The landscape stones on the right are my new project. 
Watched:
 Lots of HGTV (which doesn't help with me finding all kinds of new projects to do!), including Hometown and Good Bones and some a couple of episodes of The Marvelous Mrs. Maisel

Read: I finished Ron Rash's latest collection, In The Valley, and loved the novella at the end, in particular. Then I started The Mirage Factory by Gary Krist which I'll be alternating with Untamed by Glennon Doyle. 

Made: Pasta with fresh-picked tomatoes and basil, Austrian potato salad, fresh-picked green beans with bacon and purple onion, and, for Mini-him's birthday dinner, Asian chicken salad, red velvet cake, and homemade ice cream. 

One of Mini-him's birthday
presents when they were
nearly finished. 
Enjoyed:
 Mini-him's birthday dinner with his girlfriend, a six-hour happy hour evening with one of my besties and a visit with my parents and Miss H today. It was just what I needed to start digging myself out of the blues. 

This Week I’m:  

Planning: Continuing putting Miss H's room back together as a guest room (including painting a headboard) and organizing the things she left behind. 

Thinking About: What I can work on in the basement while I'm keeping Mini-him's cat company.
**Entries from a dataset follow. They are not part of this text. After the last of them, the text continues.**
lemma exists_orders_sum:
  "21 \<le> (k :: nat) \<Longrightarrow> \<exists>ss. ss \<noteq> [] \<and> set ss \<subseteq> {7, 8, 9} \<and> sum_list ss = k"
proof (induction k rule: less_induct)
  case (less k)
  show ?case
  proof (cases "k < 28")
    case True
    then have "k \<in> set [21..<28]" using less.prems by (subst set_upt) simp
    then show ?thesis
      by (auto simp: upt_rec
          intro!: exI[of _ "[7 + (k - 21) div 3, 7 + (k - 20) div 3, 7 + (k - 19) div 3]"])
  next
    case False
    then have "\<exists>ss. ss \<noteq> [] \<and> set ss \<subseteq> {7, 8, 9} \<and> sum_list ss = k - 7"
      using less.IH[of "k - 7"] by simp
    then obtain ss where "ss \<noteq> []" "set ss \<subseteq> {7, 8, 9}" "sum_list ss = k - 7"
      by blast
    then show ?thesis
      using False by (intro exI[of _ "7 # ss"]) auto
  qed
qed

theorem theorem3:
  fixes n :: nat
  assumes "n \<ge> 38"
  shows "\<exists>(V :: nat set) (E :: nat set set).
           simple_graph V E \<and> connected_graph V E \<and> card V = n \<and>
           neutral E \<and> \<not> is_tree V E"
proof -
  have "\<exists>ss. ss \<noteq> [] \<and> set ss \<subseteq> {7, 8, 9} \<and> sum_list ss = n - 7"
    using exists_orders_sum[of "n - 7"] assms by simp
  then obtain ss where ss: "ss \<noteq> []" "set ss \<subseteq> {7, 8, 9}" and order: "7 + sum_list ss = n"
    using assms by auto
  let ?E = "insert {n - 1, 0} (necklace ss)"
  have "open_necklace (necklace ss) n" "{n - 1, 0} \<notin> necklace ss"
    using open_necklace_necklace[OF ss(2)] closing_edge_notin_necklace[OF ss] order by auto
  note closed = close_necklace[OF this]
  have "{1, 2} \<in> ?E" "{2, 4} \<in> ?E" "{1, 4} \<in> ?E"
    using unit7_subset_necklace[of ss] by (auto simp: shift_edges_def unit7_def)
  then have "\<not> is_tree {0..<n} ?E"
    by (rule triangle_not_tree) simp
  then show ?thesis
    using closed by (intro exI[of _ "{0..<n}"] exI[of _ ?E]) simp
qed

end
We're cat sitting this week and his cat and our cat do not get along. So he has to stay in the basement for the most part when he's here and I like to turn on some bird videos and keep him company. Lord knows, I have plenty to do down there, as always. 

Feeling: Tired. I haven't been sleeping well. This tends to run in cycles for me so I'm hoping this passes soon. 

Looking forward to: Cooler temps for the next few days. This weekend has been glorious and we've enjoyed a lot of time outdoors. Looking forward to more dinners on the patio. 

Question of the week: What's your favorite quick and easy summer dinner?